- DATA FOR ANALYSIS

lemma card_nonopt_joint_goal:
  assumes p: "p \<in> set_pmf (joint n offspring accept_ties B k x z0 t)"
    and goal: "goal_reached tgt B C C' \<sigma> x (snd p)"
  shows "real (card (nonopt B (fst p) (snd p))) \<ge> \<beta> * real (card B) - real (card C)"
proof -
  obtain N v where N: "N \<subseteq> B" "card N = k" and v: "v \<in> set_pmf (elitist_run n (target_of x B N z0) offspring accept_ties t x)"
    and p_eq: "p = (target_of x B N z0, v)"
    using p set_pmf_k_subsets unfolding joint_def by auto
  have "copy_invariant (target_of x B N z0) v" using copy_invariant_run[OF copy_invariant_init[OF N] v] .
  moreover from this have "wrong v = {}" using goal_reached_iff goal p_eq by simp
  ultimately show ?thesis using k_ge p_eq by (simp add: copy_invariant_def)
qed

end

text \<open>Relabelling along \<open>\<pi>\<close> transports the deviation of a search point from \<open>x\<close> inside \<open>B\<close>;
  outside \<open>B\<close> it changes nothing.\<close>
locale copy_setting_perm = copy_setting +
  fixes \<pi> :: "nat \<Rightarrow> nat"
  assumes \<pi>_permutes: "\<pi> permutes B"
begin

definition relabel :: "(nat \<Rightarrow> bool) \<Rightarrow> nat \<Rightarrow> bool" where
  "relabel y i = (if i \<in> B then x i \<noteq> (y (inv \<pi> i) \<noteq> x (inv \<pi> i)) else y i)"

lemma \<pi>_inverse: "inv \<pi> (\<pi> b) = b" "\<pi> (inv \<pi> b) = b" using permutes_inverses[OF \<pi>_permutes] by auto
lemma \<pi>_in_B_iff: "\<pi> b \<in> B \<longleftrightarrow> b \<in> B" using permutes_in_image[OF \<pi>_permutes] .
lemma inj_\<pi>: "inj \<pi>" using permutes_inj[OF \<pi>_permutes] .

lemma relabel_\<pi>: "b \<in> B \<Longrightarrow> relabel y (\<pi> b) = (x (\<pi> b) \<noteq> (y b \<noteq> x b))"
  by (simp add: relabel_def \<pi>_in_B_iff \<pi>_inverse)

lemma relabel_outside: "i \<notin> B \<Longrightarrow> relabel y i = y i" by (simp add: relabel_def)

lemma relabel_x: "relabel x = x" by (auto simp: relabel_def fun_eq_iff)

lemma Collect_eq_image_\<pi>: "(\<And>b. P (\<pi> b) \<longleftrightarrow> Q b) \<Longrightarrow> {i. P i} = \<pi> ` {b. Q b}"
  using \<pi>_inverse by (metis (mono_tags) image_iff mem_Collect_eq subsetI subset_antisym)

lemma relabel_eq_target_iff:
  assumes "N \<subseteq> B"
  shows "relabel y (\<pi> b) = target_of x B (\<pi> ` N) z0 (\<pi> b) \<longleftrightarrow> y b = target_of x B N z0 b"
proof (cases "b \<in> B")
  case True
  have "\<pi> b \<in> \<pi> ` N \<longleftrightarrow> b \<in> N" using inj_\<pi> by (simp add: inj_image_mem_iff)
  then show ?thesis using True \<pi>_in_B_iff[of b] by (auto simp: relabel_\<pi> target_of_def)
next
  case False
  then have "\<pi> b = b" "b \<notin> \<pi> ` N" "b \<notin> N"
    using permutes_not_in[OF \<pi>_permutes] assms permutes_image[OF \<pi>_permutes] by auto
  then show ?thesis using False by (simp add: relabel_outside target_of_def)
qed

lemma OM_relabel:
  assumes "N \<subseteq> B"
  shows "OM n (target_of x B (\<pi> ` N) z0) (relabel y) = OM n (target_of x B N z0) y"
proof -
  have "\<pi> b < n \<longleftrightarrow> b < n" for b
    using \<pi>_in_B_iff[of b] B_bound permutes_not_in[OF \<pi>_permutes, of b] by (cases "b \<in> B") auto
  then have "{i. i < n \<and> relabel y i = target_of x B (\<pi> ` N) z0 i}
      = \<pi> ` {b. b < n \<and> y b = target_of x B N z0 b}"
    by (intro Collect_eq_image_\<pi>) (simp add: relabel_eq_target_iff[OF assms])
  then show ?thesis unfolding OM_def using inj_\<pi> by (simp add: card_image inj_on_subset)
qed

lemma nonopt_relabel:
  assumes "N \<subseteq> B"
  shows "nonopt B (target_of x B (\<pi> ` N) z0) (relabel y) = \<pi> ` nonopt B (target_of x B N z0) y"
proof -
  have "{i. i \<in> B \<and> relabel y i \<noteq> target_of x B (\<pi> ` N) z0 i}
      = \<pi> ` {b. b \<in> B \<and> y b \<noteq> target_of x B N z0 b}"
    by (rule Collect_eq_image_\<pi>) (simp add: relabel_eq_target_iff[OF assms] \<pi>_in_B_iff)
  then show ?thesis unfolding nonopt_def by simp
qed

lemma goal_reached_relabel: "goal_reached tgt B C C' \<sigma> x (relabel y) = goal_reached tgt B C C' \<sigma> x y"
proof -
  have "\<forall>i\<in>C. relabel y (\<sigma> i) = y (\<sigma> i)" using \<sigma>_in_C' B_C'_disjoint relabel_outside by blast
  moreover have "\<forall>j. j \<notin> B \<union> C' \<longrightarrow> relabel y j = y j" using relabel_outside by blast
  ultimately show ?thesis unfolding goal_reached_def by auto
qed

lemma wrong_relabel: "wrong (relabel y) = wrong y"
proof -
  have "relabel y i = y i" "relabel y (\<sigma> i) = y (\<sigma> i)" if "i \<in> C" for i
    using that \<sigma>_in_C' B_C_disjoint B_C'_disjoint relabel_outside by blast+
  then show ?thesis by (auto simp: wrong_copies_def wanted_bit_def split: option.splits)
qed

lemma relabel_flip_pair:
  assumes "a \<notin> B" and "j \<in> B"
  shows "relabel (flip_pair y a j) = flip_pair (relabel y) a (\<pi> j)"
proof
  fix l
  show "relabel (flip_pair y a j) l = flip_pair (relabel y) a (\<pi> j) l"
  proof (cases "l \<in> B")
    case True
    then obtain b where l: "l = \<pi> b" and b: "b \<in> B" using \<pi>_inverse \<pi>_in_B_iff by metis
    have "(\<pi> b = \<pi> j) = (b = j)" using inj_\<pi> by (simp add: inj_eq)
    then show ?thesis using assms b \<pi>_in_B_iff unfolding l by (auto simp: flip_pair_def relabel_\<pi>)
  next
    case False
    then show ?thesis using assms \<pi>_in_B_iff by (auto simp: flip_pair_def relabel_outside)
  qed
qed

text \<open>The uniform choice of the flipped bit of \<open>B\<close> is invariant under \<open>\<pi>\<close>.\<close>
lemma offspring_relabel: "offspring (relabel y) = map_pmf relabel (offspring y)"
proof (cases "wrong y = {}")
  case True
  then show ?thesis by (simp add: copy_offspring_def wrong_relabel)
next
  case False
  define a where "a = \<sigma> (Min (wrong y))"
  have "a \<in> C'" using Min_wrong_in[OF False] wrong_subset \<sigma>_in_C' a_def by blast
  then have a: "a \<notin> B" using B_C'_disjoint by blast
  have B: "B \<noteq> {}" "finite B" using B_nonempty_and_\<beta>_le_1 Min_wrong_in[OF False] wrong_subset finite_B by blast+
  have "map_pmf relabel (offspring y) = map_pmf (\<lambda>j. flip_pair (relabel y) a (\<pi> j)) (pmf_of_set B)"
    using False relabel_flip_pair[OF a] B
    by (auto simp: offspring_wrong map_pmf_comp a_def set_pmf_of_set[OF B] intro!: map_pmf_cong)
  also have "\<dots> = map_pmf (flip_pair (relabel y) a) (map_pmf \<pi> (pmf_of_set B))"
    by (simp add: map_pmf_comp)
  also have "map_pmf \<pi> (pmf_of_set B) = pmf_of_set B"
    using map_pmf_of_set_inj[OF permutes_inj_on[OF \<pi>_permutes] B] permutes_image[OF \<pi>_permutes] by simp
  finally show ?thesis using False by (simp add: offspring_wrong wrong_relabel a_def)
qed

--

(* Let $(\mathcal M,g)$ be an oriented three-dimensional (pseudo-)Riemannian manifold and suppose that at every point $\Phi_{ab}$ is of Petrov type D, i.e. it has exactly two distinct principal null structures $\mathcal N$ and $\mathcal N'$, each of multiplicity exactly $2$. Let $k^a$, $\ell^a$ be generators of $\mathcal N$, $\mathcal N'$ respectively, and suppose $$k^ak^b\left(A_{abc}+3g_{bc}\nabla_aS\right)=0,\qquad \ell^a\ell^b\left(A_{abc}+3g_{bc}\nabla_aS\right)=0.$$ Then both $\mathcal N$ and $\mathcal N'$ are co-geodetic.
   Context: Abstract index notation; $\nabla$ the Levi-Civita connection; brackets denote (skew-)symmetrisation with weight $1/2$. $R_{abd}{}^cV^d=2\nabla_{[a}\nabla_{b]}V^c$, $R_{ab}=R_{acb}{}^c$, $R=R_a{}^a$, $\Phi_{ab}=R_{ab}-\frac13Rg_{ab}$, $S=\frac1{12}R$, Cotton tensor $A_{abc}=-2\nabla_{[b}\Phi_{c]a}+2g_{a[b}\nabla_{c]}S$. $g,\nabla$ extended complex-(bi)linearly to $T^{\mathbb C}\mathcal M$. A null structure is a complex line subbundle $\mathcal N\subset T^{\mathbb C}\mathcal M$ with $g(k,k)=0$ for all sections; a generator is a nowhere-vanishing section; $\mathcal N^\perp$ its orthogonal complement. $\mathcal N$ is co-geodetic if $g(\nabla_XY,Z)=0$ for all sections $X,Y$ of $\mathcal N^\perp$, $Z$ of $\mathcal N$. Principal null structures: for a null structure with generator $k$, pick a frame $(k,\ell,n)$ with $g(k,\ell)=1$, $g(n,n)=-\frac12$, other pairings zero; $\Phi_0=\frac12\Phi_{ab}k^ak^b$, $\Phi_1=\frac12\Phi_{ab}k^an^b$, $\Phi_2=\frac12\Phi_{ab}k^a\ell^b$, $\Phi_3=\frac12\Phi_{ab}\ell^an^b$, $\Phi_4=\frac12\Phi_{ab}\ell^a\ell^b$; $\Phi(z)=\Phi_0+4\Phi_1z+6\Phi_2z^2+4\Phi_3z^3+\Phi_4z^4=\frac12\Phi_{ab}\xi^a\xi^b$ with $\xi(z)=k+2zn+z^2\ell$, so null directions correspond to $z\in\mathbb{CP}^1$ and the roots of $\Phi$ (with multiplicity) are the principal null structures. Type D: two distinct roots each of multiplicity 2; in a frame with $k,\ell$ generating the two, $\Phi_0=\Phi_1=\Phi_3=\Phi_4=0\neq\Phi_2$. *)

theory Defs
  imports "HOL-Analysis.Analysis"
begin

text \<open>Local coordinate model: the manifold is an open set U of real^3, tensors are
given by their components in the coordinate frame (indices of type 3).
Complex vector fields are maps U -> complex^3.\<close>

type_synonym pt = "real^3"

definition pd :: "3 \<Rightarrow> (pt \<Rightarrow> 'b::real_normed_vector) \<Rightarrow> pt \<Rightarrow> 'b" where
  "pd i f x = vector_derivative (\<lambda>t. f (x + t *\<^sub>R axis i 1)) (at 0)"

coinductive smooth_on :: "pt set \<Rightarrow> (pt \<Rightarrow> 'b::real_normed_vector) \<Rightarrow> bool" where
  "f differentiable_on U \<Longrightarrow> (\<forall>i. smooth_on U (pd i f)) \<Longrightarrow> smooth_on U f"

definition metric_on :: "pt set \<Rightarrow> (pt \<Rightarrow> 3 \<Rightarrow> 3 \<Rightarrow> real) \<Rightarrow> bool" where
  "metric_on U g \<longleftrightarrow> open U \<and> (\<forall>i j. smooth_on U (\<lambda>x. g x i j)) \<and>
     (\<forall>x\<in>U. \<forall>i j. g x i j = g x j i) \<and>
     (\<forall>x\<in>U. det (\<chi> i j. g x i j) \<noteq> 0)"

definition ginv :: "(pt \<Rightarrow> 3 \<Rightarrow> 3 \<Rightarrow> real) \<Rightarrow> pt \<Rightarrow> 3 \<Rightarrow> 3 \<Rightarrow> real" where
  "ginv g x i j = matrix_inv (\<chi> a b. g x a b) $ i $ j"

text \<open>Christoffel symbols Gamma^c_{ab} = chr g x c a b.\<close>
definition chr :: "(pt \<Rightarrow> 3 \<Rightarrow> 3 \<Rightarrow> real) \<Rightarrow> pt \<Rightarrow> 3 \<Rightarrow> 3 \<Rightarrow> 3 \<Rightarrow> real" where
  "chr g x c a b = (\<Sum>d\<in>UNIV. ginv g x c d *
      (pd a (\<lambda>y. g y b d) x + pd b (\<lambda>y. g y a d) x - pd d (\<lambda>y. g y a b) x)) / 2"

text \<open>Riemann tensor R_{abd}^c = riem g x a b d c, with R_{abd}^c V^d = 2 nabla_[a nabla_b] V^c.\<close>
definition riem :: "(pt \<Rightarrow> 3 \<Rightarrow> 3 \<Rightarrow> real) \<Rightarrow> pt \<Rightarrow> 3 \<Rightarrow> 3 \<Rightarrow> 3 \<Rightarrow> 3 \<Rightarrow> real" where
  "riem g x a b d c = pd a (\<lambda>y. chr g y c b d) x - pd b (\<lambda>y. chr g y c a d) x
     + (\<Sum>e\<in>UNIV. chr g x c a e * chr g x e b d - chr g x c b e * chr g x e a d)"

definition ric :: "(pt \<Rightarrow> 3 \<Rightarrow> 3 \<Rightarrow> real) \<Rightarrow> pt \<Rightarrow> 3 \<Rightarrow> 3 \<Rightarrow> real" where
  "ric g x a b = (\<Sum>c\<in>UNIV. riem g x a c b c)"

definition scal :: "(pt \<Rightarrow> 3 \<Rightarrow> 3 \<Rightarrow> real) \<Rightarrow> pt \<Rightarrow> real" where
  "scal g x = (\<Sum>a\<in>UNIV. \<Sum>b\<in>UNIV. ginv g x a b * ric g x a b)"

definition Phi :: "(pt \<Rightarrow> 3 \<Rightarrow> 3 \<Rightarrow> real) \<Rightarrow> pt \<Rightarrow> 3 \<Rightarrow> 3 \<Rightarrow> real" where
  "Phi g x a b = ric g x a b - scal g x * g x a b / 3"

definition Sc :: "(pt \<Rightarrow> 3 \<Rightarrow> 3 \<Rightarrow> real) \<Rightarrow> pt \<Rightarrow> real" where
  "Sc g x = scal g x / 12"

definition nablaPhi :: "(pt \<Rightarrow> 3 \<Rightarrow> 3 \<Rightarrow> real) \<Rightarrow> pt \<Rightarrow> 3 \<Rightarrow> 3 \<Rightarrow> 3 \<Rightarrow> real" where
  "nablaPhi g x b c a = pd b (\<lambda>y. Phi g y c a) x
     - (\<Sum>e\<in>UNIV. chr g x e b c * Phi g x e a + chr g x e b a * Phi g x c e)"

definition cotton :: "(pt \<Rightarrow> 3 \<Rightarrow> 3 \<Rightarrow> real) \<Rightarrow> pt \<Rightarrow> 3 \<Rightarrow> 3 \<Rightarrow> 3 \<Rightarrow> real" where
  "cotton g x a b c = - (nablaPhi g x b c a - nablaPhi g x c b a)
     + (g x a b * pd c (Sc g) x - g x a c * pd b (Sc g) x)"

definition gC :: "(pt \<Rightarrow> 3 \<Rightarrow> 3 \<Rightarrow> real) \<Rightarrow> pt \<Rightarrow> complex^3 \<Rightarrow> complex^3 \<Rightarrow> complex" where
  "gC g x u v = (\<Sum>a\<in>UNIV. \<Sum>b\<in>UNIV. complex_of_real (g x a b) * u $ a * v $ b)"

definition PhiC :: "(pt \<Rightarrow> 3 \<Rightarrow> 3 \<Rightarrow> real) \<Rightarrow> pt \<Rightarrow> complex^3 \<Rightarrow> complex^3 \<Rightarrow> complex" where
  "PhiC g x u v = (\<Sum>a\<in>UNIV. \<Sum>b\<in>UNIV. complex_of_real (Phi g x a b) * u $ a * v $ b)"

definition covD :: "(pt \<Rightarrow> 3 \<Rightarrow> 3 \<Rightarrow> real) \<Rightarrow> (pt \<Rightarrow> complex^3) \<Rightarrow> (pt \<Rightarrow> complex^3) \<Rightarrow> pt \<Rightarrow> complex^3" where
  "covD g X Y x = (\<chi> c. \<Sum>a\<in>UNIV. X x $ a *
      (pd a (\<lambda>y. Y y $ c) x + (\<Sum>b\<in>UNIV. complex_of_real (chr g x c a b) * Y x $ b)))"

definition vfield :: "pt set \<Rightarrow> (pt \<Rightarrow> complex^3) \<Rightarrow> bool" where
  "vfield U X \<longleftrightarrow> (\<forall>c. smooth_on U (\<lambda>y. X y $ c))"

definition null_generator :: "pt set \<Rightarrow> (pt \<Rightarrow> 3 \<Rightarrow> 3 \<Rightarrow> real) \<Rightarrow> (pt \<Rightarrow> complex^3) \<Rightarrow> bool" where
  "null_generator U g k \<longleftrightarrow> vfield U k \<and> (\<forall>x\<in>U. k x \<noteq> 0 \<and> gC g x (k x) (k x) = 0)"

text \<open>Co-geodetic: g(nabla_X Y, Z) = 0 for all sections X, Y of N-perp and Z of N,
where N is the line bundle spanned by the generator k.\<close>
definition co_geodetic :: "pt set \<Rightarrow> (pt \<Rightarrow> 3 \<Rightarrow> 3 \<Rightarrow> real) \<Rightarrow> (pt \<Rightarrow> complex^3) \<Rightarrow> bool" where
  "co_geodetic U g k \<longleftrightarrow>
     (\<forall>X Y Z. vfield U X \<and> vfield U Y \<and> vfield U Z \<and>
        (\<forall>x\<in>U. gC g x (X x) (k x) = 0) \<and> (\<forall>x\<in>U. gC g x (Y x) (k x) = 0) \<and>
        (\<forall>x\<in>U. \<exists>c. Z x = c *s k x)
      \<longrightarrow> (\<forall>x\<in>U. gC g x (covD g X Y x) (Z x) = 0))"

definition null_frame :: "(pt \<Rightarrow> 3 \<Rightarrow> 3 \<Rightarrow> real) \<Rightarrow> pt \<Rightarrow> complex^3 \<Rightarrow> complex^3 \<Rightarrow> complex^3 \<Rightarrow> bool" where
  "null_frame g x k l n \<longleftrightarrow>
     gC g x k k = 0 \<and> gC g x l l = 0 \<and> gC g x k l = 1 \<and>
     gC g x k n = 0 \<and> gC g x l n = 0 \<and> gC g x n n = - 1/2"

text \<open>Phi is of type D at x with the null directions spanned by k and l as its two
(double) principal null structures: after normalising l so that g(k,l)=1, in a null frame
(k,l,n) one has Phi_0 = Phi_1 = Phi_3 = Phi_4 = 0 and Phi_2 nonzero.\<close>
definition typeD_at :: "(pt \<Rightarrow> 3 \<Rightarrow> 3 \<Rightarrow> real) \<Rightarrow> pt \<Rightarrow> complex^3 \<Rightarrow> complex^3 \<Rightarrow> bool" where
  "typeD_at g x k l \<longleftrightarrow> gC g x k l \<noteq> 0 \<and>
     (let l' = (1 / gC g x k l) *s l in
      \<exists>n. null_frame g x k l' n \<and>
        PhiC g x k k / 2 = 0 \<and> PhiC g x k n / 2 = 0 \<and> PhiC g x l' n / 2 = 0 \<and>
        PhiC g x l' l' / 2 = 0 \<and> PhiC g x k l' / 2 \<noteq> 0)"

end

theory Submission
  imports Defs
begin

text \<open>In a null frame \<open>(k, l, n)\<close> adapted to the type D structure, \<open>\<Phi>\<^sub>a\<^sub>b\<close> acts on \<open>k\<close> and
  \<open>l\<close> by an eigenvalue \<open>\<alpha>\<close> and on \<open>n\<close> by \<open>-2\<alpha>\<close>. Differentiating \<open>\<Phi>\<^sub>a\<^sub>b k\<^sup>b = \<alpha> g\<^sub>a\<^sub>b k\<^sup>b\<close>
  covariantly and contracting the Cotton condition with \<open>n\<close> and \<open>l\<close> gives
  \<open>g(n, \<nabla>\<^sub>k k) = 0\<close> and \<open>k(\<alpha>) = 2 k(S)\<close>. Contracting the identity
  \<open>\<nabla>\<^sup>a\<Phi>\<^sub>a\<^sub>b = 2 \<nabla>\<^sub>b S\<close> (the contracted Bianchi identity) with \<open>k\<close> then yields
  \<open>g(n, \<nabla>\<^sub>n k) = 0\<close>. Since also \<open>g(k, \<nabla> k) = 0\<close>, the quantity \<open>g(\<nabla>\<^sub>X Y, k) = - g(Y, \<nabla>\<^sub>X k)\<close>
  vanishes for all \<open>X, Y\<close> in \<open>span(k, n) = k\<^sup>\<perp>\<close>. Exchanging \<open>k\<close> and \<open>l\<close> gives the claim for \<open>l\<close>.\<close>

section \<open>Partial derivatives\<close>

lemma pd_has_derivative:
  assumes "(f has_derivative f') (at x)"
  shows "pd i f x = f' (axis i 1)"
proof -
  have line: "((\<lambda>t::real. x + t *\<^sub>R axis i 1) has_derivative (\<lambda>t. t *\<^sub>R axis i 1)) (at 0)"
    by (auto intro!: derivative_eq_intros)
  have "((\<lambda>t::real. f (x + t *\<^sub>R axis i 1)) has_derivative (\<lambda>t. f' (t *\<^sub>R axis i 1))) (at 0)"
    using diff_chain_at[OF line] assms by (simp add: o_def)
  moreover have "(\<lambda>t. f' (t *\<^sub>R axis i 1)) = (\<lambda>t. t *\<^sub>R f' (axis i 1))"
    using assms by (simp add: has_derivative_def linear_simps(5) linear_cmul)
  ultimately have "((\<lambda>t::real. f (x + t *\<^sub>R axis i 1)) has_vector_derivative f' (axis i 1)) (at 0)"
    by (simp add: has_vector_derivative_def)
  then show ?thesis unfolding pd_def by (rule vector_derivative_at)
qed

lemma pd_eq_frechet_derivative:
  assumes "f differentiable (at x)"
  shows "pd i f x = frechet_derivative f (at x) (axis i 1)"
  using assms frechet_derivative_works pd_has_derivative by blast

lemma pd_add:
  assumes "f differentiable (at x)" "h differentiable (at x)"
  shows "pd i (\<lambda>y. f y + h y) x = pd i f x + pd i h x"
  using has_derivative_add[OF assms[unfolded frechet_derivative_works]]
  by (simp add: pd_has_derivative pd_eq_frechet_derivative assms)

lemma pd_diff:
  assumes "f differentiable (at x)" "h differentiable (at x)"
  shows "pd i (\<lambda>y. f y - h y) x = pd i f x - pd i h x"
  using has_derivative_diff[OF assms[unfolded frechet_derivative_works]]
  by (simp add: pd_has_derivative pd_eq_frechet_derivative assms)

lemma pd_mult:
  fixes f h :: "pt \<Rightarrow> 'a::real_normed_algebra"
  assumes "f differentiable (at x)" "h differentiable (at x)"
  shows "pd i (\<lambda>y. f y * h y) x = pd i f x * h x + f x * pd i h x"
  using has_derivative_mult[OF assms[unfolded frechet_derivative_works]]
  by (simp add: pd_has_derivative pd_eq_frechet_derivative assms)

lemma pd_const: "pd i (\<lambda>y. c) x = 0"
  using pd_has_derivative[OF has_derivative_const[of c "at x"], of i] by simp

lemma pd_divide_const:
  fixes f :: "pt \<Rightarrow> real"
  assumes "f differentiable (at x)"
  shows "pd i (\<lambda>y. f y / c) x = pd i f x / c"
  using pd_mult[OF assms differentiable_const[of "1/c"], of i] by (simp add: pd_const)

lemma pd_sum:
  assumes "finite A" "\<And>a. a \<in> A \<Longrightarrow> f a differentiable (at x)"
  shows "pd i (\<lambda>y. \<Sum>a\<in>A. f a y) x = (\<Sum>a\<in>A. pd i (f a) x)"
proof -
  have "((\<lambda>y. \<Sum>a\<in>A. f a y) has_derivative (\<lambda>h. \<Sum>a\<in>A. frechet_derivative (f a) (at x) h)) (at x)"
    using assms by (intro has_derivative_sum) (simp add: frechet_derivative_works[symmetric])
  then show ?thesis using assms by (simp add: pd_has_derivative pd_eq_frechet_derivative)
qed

- TASK PROMPT
For each line of the material that contains the word "unfolded", make a copy.

- RESPONSE BELOW
  using has_derivative_add[OF assms[unfolded frechet_derivative_works]]
  using has_derivative_diff[OF assms[unfolded frechet_derivative_works]]
  using has_derivative_mult[OF assms[unfolded frechet_derivative_works]]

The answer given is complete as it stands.